Perhaps best known, Gorsuch sided with supporters of religious freedom rights in the legal battles of Hobby Lobby and the Little Sisters of the Poor against the requirement for contraception coverage in the Affordable Care Act.

2. Assisted suicide

Gorsuch wrote a book titled The Future of Assisted Suicide and Euthanasia, in which he argues against assisted suicide laws. According to the Washington Post, in the book he calls for a legal system that would permit terminally ill patients to decline treatment, while banning intentional killing.

The nominee’s philosophy is based in his moral belief that “all human beings are intrinsically valuable,” The Post said.

3. Federal regulations

One of the reasons conservatives back Gorsuch’s nomination is that he questions longstanding legal precedent that they believe grants government too much regulatory power, according to Politico.

His opinion in an immigration case in August 2016 pleased the right. He argued that judges—not federal agencies—should interpret ambiguous laws.

4. Using courts for liberal causes

In a 2005 article published by the National Review, Gorsuch supports the argument that liberals are “addicted to the courtroom” for social change on issues like same-sex marriage.

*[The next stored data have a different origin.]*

lemma dual_analytic_on_eval_holomorphic:
  assumes g: "dual_analytic_on g U"
  shows "(\<lambda>z. g z x) holomorphic_on U"
  unfolding holomorphic_on_open[OF dual_analytic_on_open[OF g]]
proof
  fix z assume z: "z \<in> U"
  obtain G where G: "G \<in> cdual"
    and lim: "((\<lambda>w. dnorm (\<lambda>y. (g w y - g z y) / (w - z) - G y)) \<longlongrightarrow> 0) (at z)"
    using dual_analytic_onE[OF g z] by blast
  have "eventually (\<lambda>w. norm ((g w x - g z x) / (w - z) - G x)
            \<le> dnorm (\<lambda>y. (g w y - g z y) / (w - z) - G y) * norm x) (at z)"
    using eventually_at_in_open'[OF dual_analytic_on_open[OF g] z]
    by eventually_elim
      (use cdual_difference_quotient dual_analytic_on_cdual[OF g] z G cdual_norm_le in blast)
  then have "((\<lambda>w. (g w x - g z x) / (w - z) - G x) \<longlongrightarrow> 0) (at z)"
    by (rule Lim_null_comparison[OF _ tendsto_mult_left_zero[OF lim]])
  then show "\<exists>f'. ((\<lambda>z. g z x) has_field_derivative f') (at z)"
    by (auto simp: has_field_derivative_iff LIM_zero_iff)
qed

lemma dual_analytic_on_mult:
  assumes c: "c holomorphic_on U" and U: "open U" and \<psi>: "\<psi> \<in> cdual"
  shows "dual_analytic_on (\<lambda>w x. c w * \<psi> x) U"
  unfolding dual_analytic_on_def
proof (intro conjI ballI)
  fix z assume z: "z \<in> U"
  have "((\<lambda>w. (c w - c z) / (w - z) - deriv c z) \<longlongrightarrow> 0) (at z)"
    using holomorphic_derivI[OF c U z] by (simp add: has_field_derivative_iff LIM_zero_iff)
  then have "((\<lambda>w. dnorm (\<lambda>x. ((c w - c z) / (w - z) - deriv c z) * \<psi> x)) \<longlongrightarrow> 0) (at z)"
    by (intro tendsto_sandwich[OF _ _ tendsto_const
          tendsto_mult_left_zero[OF tendsto_norm_zero, where c="dnorm \<psi>"]])
      (auto simp: dnorm_nonneg cdual_mult[OF \<psi>] dnorm_mult_le[OF \<psi>])
  moreover have "(\<lambda>x. (c w * \<psi> x - c z * \<psi> x) / (w - z) - deriv c z * \<psi> x)
      = (\<lambda>x. ((c w - c z) / (w - z) - deriv c z) * \<psi> x)" for w
    by (simp add: fun_eq_iff algebra_simps diff_divide_distrib)
  ultimately show "\<exists>G\<in>cdual. ((\<lambda>w. dnorm (\<lambda>x. (c w * \<psi> x - c z * \<psi> x) / (w - z) - G x)) \<longlongrightarrow> 0) (at z)"
    by (intro bexI[where x="\<lambda>x. deriv c z * \<psi> x"] cdual_mult[OF \<psi>]) simp
qed (use U cdual_mult[OF \<psi>] in auto)

lemma dual_analytic_on_cong:
  assumes f: "dual_analytic_on f U" and eq: "\<And>z. z \<in> U \<Longrightarrow> g z = f z"
  shows "dual_analytic_on g U"
  unfolding dual_analytic_on_def
proof (intro conjI ballI)
  have U: "open U" using f by (rule dual_analytic_on_open)
  fix z assume z: "z \<in> U"
  obtain G where G: "G \<in> cdual"
      and lim: "((\<lambda>w. dnorm (\<lambda>y. (f w y - f z y) / (w - z) - G y)) \<longlongrightarrow> 0) (at z)"
    using dual_analytic_onE[OF f z] by blast
  have "eventually (\<lambda>w. dnorm (\<lambda>y. (f w y - f z y) / (w - z) - G y)
                     = dnorm (\<lambda>y. (g w y - g z y) / (w - z) - G y)) (at z)"
    by (rule eventually_mono[OF eventually_at_in_open'[OF U z]]) (simp add: eq z)
  then have "((\<lambda>w. dnorm (\<lambda>y. (g w y - g z y) / (w - z) - G y)) \<longlongrightarrow> 0) (at z)"
    by (rule Lim_transform_eventually[OF lim])
  with G show "\<exists>G\<in>cdual. ((\<lambda>w. dnorm (\<lambda>x. (g w x - g z x) / (w - z) - G x)) \<longlongrightarrow> 0) (at z)"
    by blast
next
  show "open U" by (rule dual_analytic_on_open[OF f])
  show "g z \<in> cdual" if "z \<in> U" for z
    using eq[OF that] dual_analytic_on_cdual[OF f that] by simp
qed

lemma dual_analytic_on_diff:
  assumes f: "dual_analytic_on f U" and g: "dual_analytic_on g U"
  shows "dual_analytic_on (\<lambda>w x. f w x - g w x) U"
  unfolding dual_analytic_on_def
proof (intro conjI ballI)
  have U: "open U" using f by (rule dual_analytic_on_open)
  fix z assume z: "z \<in> U"
  obtain F where F: "F \<in> cdual"
      and limF: "((\<lambda>w. dnorm (\<lambda>y. (f w y - f z y) / (w - z) - F y)) \<longlongrightarrow> 0) (at z)"
    using dual_analytic_onE[OF f z] by blast
  obtain G where G: "G \<in> cdual"
      and limG: "((\<lambda>w. dnorm (\<lambda>y. (g w y - g z y) / (w - z) - G y)) \<longlongrightarrow> 0) (at z)"
    using dual_analytic_onE[OF g z] by blast
  let ?qf = "\<lambda>w y. (f w y - f z y) / (w - z) - F y" and ?qg = "\<lambda>w y. (g w y - g z y) / (w - z) - G y"
  have q: "?qf w \<in> cdual" "?qg w \<in> cdual" if "w \<in> U" for w
    using that z F G by (auto intro!: cdual_difference_quotient dual_analytic_on_cdual[OF f]
        dual_analytic_on_cdual[OF g])
  have "((\<lambda>w. dnorm (\<lambda>y. ?qf w y - ?qg w y)) \<longlongrightarrow> 0) (at z)"
  proof (rule tendsto_sandwich[OF _ _ tendsto_const tendsto_add[OF limF limG, simplified]])
    show "\<forall>\<^sub>F w in at z. 0 \<le> dnorm (\<lambda>y. ?qf w y - ?qg w y)"
      using eventually_at_in_open'[OF U z] by eventually_elim (simp add: dnorm_nonneg cdual_minus q)
    show "\<forall>\<^sub>F w in at z. dnorm (\<lambda>y. ?qf w y - ?qg w y) \<le> dnorm (?qf w) + dnorm (?qg w)"
      using eventually_at_in_open'[OF U z] by eventually_elim (simp add: dnorm_diff_le q)
  qed
  moreover have "(\<lambda>y. (f w y - g w y - (f z y - g z y)) / (w - z) - (F y - G y))
     = (\<lambda>y. ?qf w y - ?qg w y)" for w
    by (rule ext) (simp add: divide_inverse algebra_simps)
  ultimately show "\<exists>H\<in>cdual. ((\<lambda>w. dnorm (\<lambda>y. (f w y - g w y - (f z y - g z y)) / (w - z) - H y)) \<longlongrightarrow> 0) (at z)"
    by (intro bexI[where x="\<lambda>x. F x - G x"] cdual_minus[OF F G]) simp
next
  show "open U" by (rule dual_analytic_on_open[OF f])
  show "(\<lambda>x. f z x - g z x) \<in> cdual" if "z \<in> U" for z
    by (rule cdual_minus[OF dual_analytic_on_cdual[OF f that] dual_analytic_on_cdual[OF g that]])
qed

Instead, they should focus on passing legislation and ballot initiatives.

“This overweening addiction to the courtroom as the place to debate social policy is bad for the country and bad for the judiciary,” he wrote.

5. Corporations

The Alliance for Justice, an association of progressive organizations, calls the Supreme Court nominee “a friend of big business.” Among several examples, the association points to a working paper for the Washington Legal Foundation in which Gorsuch calls on lawmakers and judges to make securities fraud class actions more difficult to achieve. That move would harm workers and consumers, the alliance stated.

6. Family roots in government

The judge’s mother, Anne Burford Gorsuch, oversaw the Environmental Protection Agency during Ronald Reagan’s first term. She was pressured to step down over allegations of mismanaging a $1.6 billion toxic waste cleanup program and a pending criminal investigation.

7. Obama connection

Gorsuch attended Harvard Law with former President Barack Obama.